Finally, Judge Garland joined a dissent from the denial of rehearing en banc of a significant panel opinion invalidating EPA regulations under the non-delegation doctrine.  Once again, the Supreme Court reversed.  American Trucking Ass’n v. U.S. E.P.A., 195 F.3d 4 (1999) (Tatel, J., dissenting from the denial of rehearing en banc), rev’d sub nom. Whitman v. American Trucking Ass’ns, 531 U.S. 457 (2001).

Specific Areas Of Law

Because the D.C. Circuit’s caseload is dominated by regulatory challenges, few of the cases in which Judge Garland participated involve hot-button social issues like abortion or the death penalty.  I have attempted to review the principal areas of law in which he has decided a significant number of cases that would likely be most relevant to his potential appointment.

Criminal Law

The most significant area of the law in which Judge Garland’s views obviously differ materially from those of Justice Stevens is criminal law.  Judge Garland rarely votes in favor of criminal defendants’ appeals of their convictions.  I identified only eight such published rulings, which should capture all the significant cases.  Judge Garland did not author any of the opinions.  United States v. Johnson, 592 F.3d 164 (2010) (Brady violation); United States v. Walker, 545 F.3d 1081 (2008) (firearms charge); United States v. Askew, 529 F.3d 1119 (2008) (en banc) (search); United States v. Ayeni, 374 F.3d 1313 (2004) (fraud and theft conviction); United States v. Whitmore, 359 F.3d 609 (2004) (denial of right to cross-examine witness); United States v. Gilliam, 167 F.3d 628 (1999) (firearms, but ruling had no effect on defendant’s sentence); United States v. Lampkin, 159 F.3d 607 (1998) (unlawfully employing a minor and drug offense); United States v. Maddox, 156 F.3d 1280 (1998) (firearms).  The only possible exception – that is, a case in which Judge Garland wrote for the panel in reversing a criminal conviction – is United States v. Clark, 184 F.3d 858, 871 (1999) (per Garland, J.), which reversed a firearms case, but I do not find it significant; as Judge Garland explained:  “Although the government did not respond to this argument, we note that it has conceded the point in at least three other cases.”

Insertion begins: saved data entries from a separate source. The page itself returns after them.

(* Let $\Gamma=(V,E)$ be a directed graph (finite or infinite) in which every vertex has outdegree at most $M<\infty$ and at least one outgoing edge, and let $q>1$. Then there exists a unique vector $\overline{t}=(t_v)_{v\in V}\in[1,M^{1/(q-1)}]^V$ such that $$t_v^q = \sum_{w:\ vw\in E} t_w\qquad\text{for all } v\in V.$$
   Context: $vw\in E$ denotes a directed edge from $v$ to $w$. *)

theory Defs
  imports Complex_Main "HOL-Library.FuncSet"
begin

end

theory Submission
  imports Defs
begin

text \<open>
  Write N(v) for the out-neighbourhood of v and C = M^(1/(q-1)).  The equations
  t_v^q = \<Sum>_{w \<in> N(v)} t_w say that t is a fixed point of the operator
  (\<Phi> f)(v) = (\<Sum>_{w \<in> N(v)} f_w)^(1/q), here called root_sum.

  Existence.  \<Phi> is monotone and maps the box [1,C]^V into itself, because
  1 \<le> |N(v)| \<le> M and (M C)^(1/q) = C.  A monotone self-map of a box of real
  functions has a fixed point (Knaster-Tarski): the pointwise supremum of all
  sub-solutions f \<le> \<Phi> f.

  Uniqueness.  A comparison principle: if t is a sub-solution and s a
  super-solution, both bounded and bounded away from 0, then t \<le> s.  With
  L = sup t/s one gets t \<le> L^(1/q) s, hence L \<le> L^(1/q), forcing L \<le> 1.
\<close>

definition root_sum :: "('a \<Rightarrow> 'a set) \<Rightarrow> real \<Rightarrow> ('a \<Rightarrow> real) \<Rightarrow> 'a \<Rightarrow> real" where
  "root_sum N q f v = (\<Sum>w\<in>N v. f w) powr (1 / q)"

lemma root_sum_mono:
  assumes N: "N v \<subseteq> V" and q: "q > 0"
    and f_nonneg: "\<And>w. w \<in> V \<Longrightarrow> 0 \<le> f w"
    and f_le_g: "\<And>w. w \<in> V \<Longrightarrow> f w \<le> g w"
  shows "root_sum N q f v \<le> root_sum N q g v"
proof -
  have "(\<Sum>w\<in>N v. f w) \<le> (\<Sum>w\<in>N v. g w)"
    using N f_le_g by (intro sum_mono) auto
  moreover have "0 \<le> (\<Sum>w\<in>N v. f w)"
    using N f_nonneg by (intro sum_nonneg) auto
  ultimately show ?thesis
    unfolding root_sum_def using q by (intro powr_mono2) auto
qed

lemma box_bound_identity:
  fixes M q :: real
  assumes M: "1 \<le> M" and q: "q > 1"
  defines "C \<equiv> M powr (1 / (q - 1))"
  shows "1 \<le> C" and "(M * C) powr (1 / q) = C"
proof -
  show C1: "1 \<le> C" unfolding C_def using M q by (simp add: ge_one_powr_ge_zero)
  have "C powr q = M powr (q / (q - 1))" unfolding C_def by (simp add: powr_powr)
  also have "q / (q - 1) = 1 + 1 / (q - 1)" using q by (simp add: field_simps)
  also have "M powr (1 + 1 / (q - 1)) = M * C" unfolding C_def using M by (simp add: powr_add)
  finally have "M * C = C powr q" by simp
  then show "(M * C) powr (1 / q) = C" using C1 q by (simp add: powr_powr)
qed

lemma root_sum_in_box:
  fixes M :: nat
  assumes N: "N v \<subseteq> V" "finite (N v)" "N v \<noteq> {}" "card (N v) \<le> M"
    and q: "q > 1"
    and f: "\<And>w. w \<in> V \<Longrightarrow> f w \<in> {1 .. real M powr (1 / (q - 1))}"
  shows "root_sum N q f v \<in> {1 .. real M powr (1 / (q - 1))}"
proof -
  define C where "C = real M powr (1 / (q - 1))"
  have "0 < card (N v)" using N by (simp add: card_gt_0_iff)
  then have M: "1 \<le> real M" using N(4) by linarith
  note C = box_bound_identity[OF M q, folded C_def]
  have "real (card (N v)) = (\<Sum>w\<in>N v. 1)" by simp
  also have "\<dots> \<le> (\<Sum>w\<in>N v. f w)"
    using N f by (intro sum_mono) auto
  finally have lo: "1 \<le> (\<Sum>w\<in>N v. f w)"
    using \<open>0 < card (N v)\<close> by linarith
  have "(\<Sum>w\<in>N v. f w) \<le> (\<Sum>w\<in>N v. C)"
    using N f by (intro sum_mono) (auto simp: C_def)
  also have "\<dots> = card (N v) * C" by simp
  also have "\<dots> \<le> M * C" using N(4) C(1) by (intro mult_right_mono) auto
  finally have hi: "(\<Sum>w\<in>N v. f w) \<le> M * C" .
  have "1 \<le> root_sum N q f v"
    unfolding root_sum_def using lo q by (simp add: ge_one_powr_ge_zero)
  moreover have "root_sum N q f v \<le> (M * C) powr (1 / q)"
    unfolding root_sum_def using lo hi q by (intro powr_mono2) auto
  ultimately show ?thesis using C(2) by (simp add: C_def)
qed

lemma root_sum_fixed_point:
  assumes "t v = root_sum N q t v" and "0 \<le> (\<Sum>w\<in>N v. t w)" and "q > 0"
  shows "t v powr q = (\<Sum>w\<in>N v. t w)"
  using assms by (simp add: root_sum_def powr_powr)

text \<open>
  Knaster-Tarski for the complete lattice [a,b]^V: a monotone operator that maps
  the box into itself has a fixed point there, namely the pointwise supremum of
  the set T of sub-solutions f \<le> F f.
\<close>
lemma monotone_box_fixed_point:
  fixes F :: "('a \<Rightarrow> real) \<Rightarrow> 'a \<Rightarrow> real" and a b :: real
  assumes ab: "a \<le> b"
    and maps: "\<And>f v. \<forall>w\<in>V. f w \<in> {a..b} \<Longrightarrow> v \<in> V \<Longrightarrow> F f v \<in> {a..b}"
    and mono: "\<And>f g v. \<forall>w\<in>V. f w \<in> {a..b} \<Longrightarrow> \<forall>w\<in>V. g w \<in> {a..b} \<Longrightarrow>
                 \<forall>w\<in>V. f w \<le> g w \<Longrightarrow> v \<in> V \<Longrightarrow> F f v \<le> F g v"
  shows "\<exists>t. \<forall>v\<in>V. t v \<in> {a..b} \<and> t v = F t v"
proof -
  define T where "T = {f. \<forall>w\<in>V. f w \<in> {a..b} \<and> f w \<le> F f w}"
  define t where "t v = (SUP f\<in>T. f v)" for v
  have const_a: "(\<lambda>_. a) \<in> T" using maps ab by (auto simp: T_def)
  have bdd: "bdd_above ((\<lambda>f. f v) ` T)" if "v \<in> V" for v
    using that by (intro bdd_aboveI2[of _ _ b]) (auto simp: T_def)
  have t_upper: "f v \<le> t v" if "f \<in> T" "v \<in> V" for f v
    unfolding t_def using cSUP_upper[OF that(1) bdd[OF that(2)]] .
  have t_box: "\<forall>v\<in>V. t v \<in> {a..b}"
    using t_upper[OF const_a] const_a
    by (auto simp: t_def T_def intro!: cSUP_least)
  have t_sub: "t v \<le> F t v" if v: "v \<in> V" for v
  proof -
    have "f v \<le> F t v" if f: "f \<in> T" for f
    proof -
      have "f v \<le> F f v" using f v by (simp add: T_def)
      also have "\<dots> \<le> F t v" using f t_box t_upper v by (intro mono) (auto simp: T_def)
      finally show ?thesis .
    qed
    then show ?thesis unfolding t_def using const_a by (auto intro!: cSUP_least)
  qed
  have "F t \<in> T"
    using maps[OF t_box] t_sub t_box by (auto simp: T_def intro!: mono)
  then have "F t v \<le> t v" if "v \<in> V" for v using t_upper that by blast
  then show ?thesis using t_box t_sub by (intro exI[of _ t]) (auto intro: antisym)
qed

lemma le_root_imp_le_one:
  fixes L q :: real
  assumes "0 < L" and "q > 1" and "L \<le> L powr (1 / q)"
  shows "L \<le> 1"
proof (rule ccontr)
  assume "\<not> L \<le> 1"
  then have "L powr (1 / q) < L powr 1" using assms by (intro powr_less_mono) auto
  with assms show False by simp
qed

text \<open>
  A bounded positive sub-solution lies below every bounded positive
  super-solution.  The neighbourhoods may be infinite (then the sums vanish).
\<close>
lemma solution_comparison:
  fixes t s :: "'a \<Rightarrow> real" and q a b :: real
  assumes N: "\<And>u. u \<in> V \<Longrightarrow> N u \<subseteq> V" and q: "q > 1" and a: "0 < a"
    and t: "\<And>u. u \<in> V \<Longrightarrow> t u \<in> {a..b}"
    and s: "\<And>u. u \<in> V \<Longrightarrow> s u \<in> {a..b}"
    and t_sub: "\<And>u. u \<in> V \<Longrightarrow> t u powr q \<le> (\<Sum>w\<in>N u. t w)"
    and s_super: "\<And>u. u \<in> V \<Longrightarrow> (\<Sum>w\<in>N u. s w) \<le> s u powr q"
    and v: "v \<in> V"
  shows "t v \<le> s v"
proof -
  define L where "L = (SUP u\<in>V. t u / s u)"
  have s_pos: "0 < s u" if "u \<in> V" for u using s[OF that] a by auto
  have bdd: "bdd_above ((\<lambda>u. t u / s u) ` V)"
  proof (rule bdd_aboveI2)
    fix u assume u: "u \<in> V"
    show "t u / s u \<le> b / a"
      using t[OF u] s[OF u] a by (intro frac_le) auto
  qed
  have t_le: "t u \<le> L * s u" if u: "u \<in> V" for u
    using cSUP_upper[OF u bdd] s_pos[OF u] by (simp add: L_def divide_le_eq)
  have "0 < t v / s v" using t[OF v] s_pos[OF v] a by simp
  also have "\<dots> \<le> L" unfolding L_def using cSUP_upper[OF v bdd] .
  finally have L_pos: "0 < L" .
  have ratio: "t u / s u \<le> L powr (1 / q)" if u: "u \<in> V" for u
  proof -
    have "t u powr q \<le> (\<Sum>w\<in>N u. t w)" by (rule t_sub[OF u])
    also have "\<dots> \<le> (\<Sum>w\<in>N u. L * s w)"
      using N[OF u] t_le by (intro sum_mono) auto
    also have "\<dots> \<le> L * s u powr q"
      using s_super[OF u] L_pos by (simp add: sum_distrib_left[symmetric])
    finally have "(t u powr q) powr (1 / q) \<le> (L * s u powr q) powr (1 / q)"
      using t[OF u] a q by (intro powr_mono2) auto
    also have "(t u powr q) powr (1 / q) = t u"
      using t[OF u] a q by (simp add: powr_powr)
    also have "(L * s u powr q) powr (1 / q) = L powr (1 / q) * s u"
      using L_pos s_pos[OF u] q by (simp add: powr_mult powr_powr)
    finally show ?thesis using s_pos[OF u] by (simp add: divide_le_eq)
  qed
  have "L \<le> L powr (1 / q)"
    unfolding L_def using v ratio by (intro cSUP_least) (auto simp: L_def)
  then have "L \<le> 1" using L_pos q by (rule le_root_imp_le_one[rotated 2])
  then have "L * s v \<le> s v" using s_pos[OF v] by simp
  then show ?thesis using t_le[OF v] by simp
qed

definition box_solution ::
    "'a set \<Rightarrow> ('a \<Rightarrow> 'a set) \<Rightarrow> real \<Rightarrow> real \<Rightarrow> ('a \<Rightarrow> real) \<Rightarrow> bool" where
  "box_solution V N q C t \<longleftrightarrow> (\<forall>v\<in>V. t v \<in> {1..C} \<and> t v powr q = (\<Sum>w\<in>N v. t w))"

lemma box_solution_exists:
  fixes M :: nat
  assumes N_sub: "\<And>v. v \<in> V \<Longrightarrow> N v \<subseteq> V"
    and N_size: "\<And>v. v \<in> V \<Longrightarrow> finite (N v) \<and> N v \<noteq> {} \<and> card (N v) \<le> M"
    and q: "q > 1"
  shows "\<exists>t. box_solution V N q (real M powr (1 / (q - 1))) t"
proof (cases "V = {}")
  case True
  then show ?thesis by (simp add: box_solution_def)
next
  case False
  define C where "C = real M powr (1 / (q - 1))"
  obtain v0 where "v0 \<in> V" using False by blast
  then have "0 < card (N v0)" and "card (N v0) \<le> M" using N_size by (auto simp: card_gt_0_iff)
  then have "1 \<le> real M" by linarith
  then have C1: "1 \<le> C" unfolding C_def using q by (rule box_bound_identity(1))
  have "\<exists>t. \<forall>v\<in>V. t v \<in> {1..C} \<and> t v = root_sum N q t v"
  proof (rule monotone_box_fixed_point[OF C1])
    show "root_sum N q f v \<in> {1..C}" if "\<forall>w\<in>V. f w \<in> {1..C}" "v \<in> V" for f v
      using root_sum_in_box[of N v V M q f] N_sub N_size[OF that(2)] q that by (simp add: C_def)
    show "root_sum N q f v \<le> root_sum N q g v"
      if "\<forall>w\<in>V. f w \<in> {1..C}" "\<forall>w\<in>V. g w \<in> {1..C}" "\<forall>w\<in>V. f w \<le> g w" "v \<in> V"
      for f g v
      using that q by (intro root_sum_mono[OF N_sub]) auto
  qed
  then obtain t where t: "\<forall>v\<in>V. t v \<in> {1..C} \<and> t v = root_sum N q t v" ..
  have t_eq: "t v powr q = (\<Sum>w\<in>N v. t w)" if v: "v \<in> V" for v
    using t v N_sub[OF v] q by (intro root_sum_fixed_point) (force intro!: sum_nonneg)+
  have "box_solution V N q C t" unfolding box_solution_def using t t_eq by blast
  then show ?thesis unfolding C_def by blast
qed

lemma box_solution_unique:
  assumes N_sub: "\<And>v. v \<in> V \<Longrightarrow> N v \<subseteq> V" and q: "q > 1"
    and s: "box_solution V N q C s" and t: "box_solution V N q C t" and v: "v \<in> V"
  shows "s v = t v"
proof -
  have s_box: "1 \<le> s u \<and> s u \<le> C" and s_eq: "s u powr q = (\<Sum>w\<in>N u. s w)"
    if "u \<in> V" for u using s that by (auto simp: box_solution_def)
  have t_box: "1 \<le> t u \<and> t u \<le> C" and t_eq: "t u powr q = (\<Sum>w\<in>N u. t w)"
    if "u \<in> V" for u using t that by (auto simp: box_solution_def)
  have "s v \<le> t v"
    by (rule solution_comparison[where V = V and N = N and q = q and a = 1 and b = C])
      (simp_all add: N_sub q s_eq t_eq v s_box t_box)
  moreover have "t v \<le> s v"
    by (rule solution_comparison[where V = V and N = N and q = q and a = 1 and b = C])
      (simp_all add: N_sub q s_eq t_eq v s_box t_box)
  ultimately show ?thesis by simp
qed

lemma box_solution_restrict:
  assumes N_sub: "\<And>v. v \<in> V \<Longrightarrow> N v \<subseteq> V" and t: "box_solution V N q C t"
  shows "box_solution V N q C (restrict t V)"
proof -
  have "(\<Sum>w\<in>N v. restrict t V w) = (\<Sum>w\<in>N v. t w)" if "v \<in> V" for v
    using N_sub[OF that] by (intro sum.cong) auto
  then show ?thesis using t by (simp add: box_solution_def)
qed

theorem lemma2p1:
  fixes V :: "'a set" and E :: "('a \<times> 'a) set" and M :: nat and q :: real
  assumes graph: "E \<subseteq> V \<times> V"
    and fin_out: "\<And>v. v \<in> V \<Longrightarrow> finite {w. (v, w) \<in> E}"
    and outdeg: "\<And>v. v \<in> V \<Longrightarrow> card {w. (v, w) \<in> E} \<le> M"
    and out_nonempty: "\<And>v. v \<in> V \<Longrightarrow> \<exists>w. (v, w) \<in> E"
    and q: "q > 1"
  shows "\<exists>!t. t \<in> V \<rightarrow>\<^sub>E {1 .. real M powr (1 / (q - 1))} \<and>
              (\<forall>v\<in>V. t v powr q = (\<Sum>w\<in>{w. (v, w) \<in> E}. t w))"
proof -
  define N where "N v = {w. (v, w) \<in> E}" for v
  define C where "C = real M powr (1 / (q - 1))"
  have N_sub: "\<And>v. v \<in> V \<Longrightarrow> N v \<subseteq> V"
    using graph by (auto simp: N_def)
  have N_size: "finite (N v) \<and> N v \<noteq> {} \<and> card (N v) \<le> M" if "v \<in> V" for v
    using fin_out[OF that] outdeg[OF that] out_nonempty[OF that] by (auto simp: N_def)
  have solution_iff: "(t \<in> V \<rightarrow>\<^sub>E {1 .. real M powr (1 / (q - 1))} \<and>
        (\<forall>v\<in>V. t v powr q = (\<Sum>w\<in>{w. (v, w) \<in> E}. t w)))
      \<longleftrightarrow> t \<in> extensional V \<and> box_solution V N q C t" for t
    unfolding box_solution_def PiE_iff Pi_iff N_def C_def by blast
  obtain t where t: "box_solution V N q C t"
    using box_solution_exists[where V = V and N = N, OF N_sub N_size q] unfolding C_def by blast
  have "\<exists>!t. t \<in> extensional V \<and> box_solution V N q C t"
  proof (rule ex1I[of _ "restrict t V"])
    show "restrict t V \<in> extensional V \<and> box_solution V N q C (restrict t V)"
      using box_solution_restrict[where V = V and N = N, OF N_sub t] by simp
    show "s = restrict t V" if "s \<in> extensional V \<and> box_solution V N q C s" for s
      using that box_solution_unique[where V = V and N = N, OF N_sub q _ t]
      by (intro extensionalityI[of _ V]) auto
  qed
  then show ?thesis unfolding solution_iff .
qed

end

In seven other cases, he voted to reverse the defendant’s sentence in whole or in part, or to permit the defendant to raise a argument relating to sentencing on remand.  In re Sealed Case, 573 F.3d 844 (2009) (per Tatel, J.; Henderson, J., dissenting); United States v. Branham, 515 F.3d 1268 (2008) (per Garland, J.) (sentence); United States v. Henry, 472 F.3d 910 (2007) (sentence); United States v. Dorcely, 454 F.3d 366 (2006) (restitution); United States v. McCoy, 313 F.3d 561 (2002) (en banc) (joining majority opinion permitting defendant to raise new sentencing issue on remand in certain circumstances; Henderson, J., dissenting, joined by Ginsburg, C.J., and Sentelle, J.); United States v. Thomas, 361 F.3d 653 (2004) (the evidence did not support the conclusion that the fun that the defendant possessed was stolen); United States v. Williams, 216 F.3d 1099 (2000) (the trial court drew unreasonable influences about when the defendant joined a conspiracy).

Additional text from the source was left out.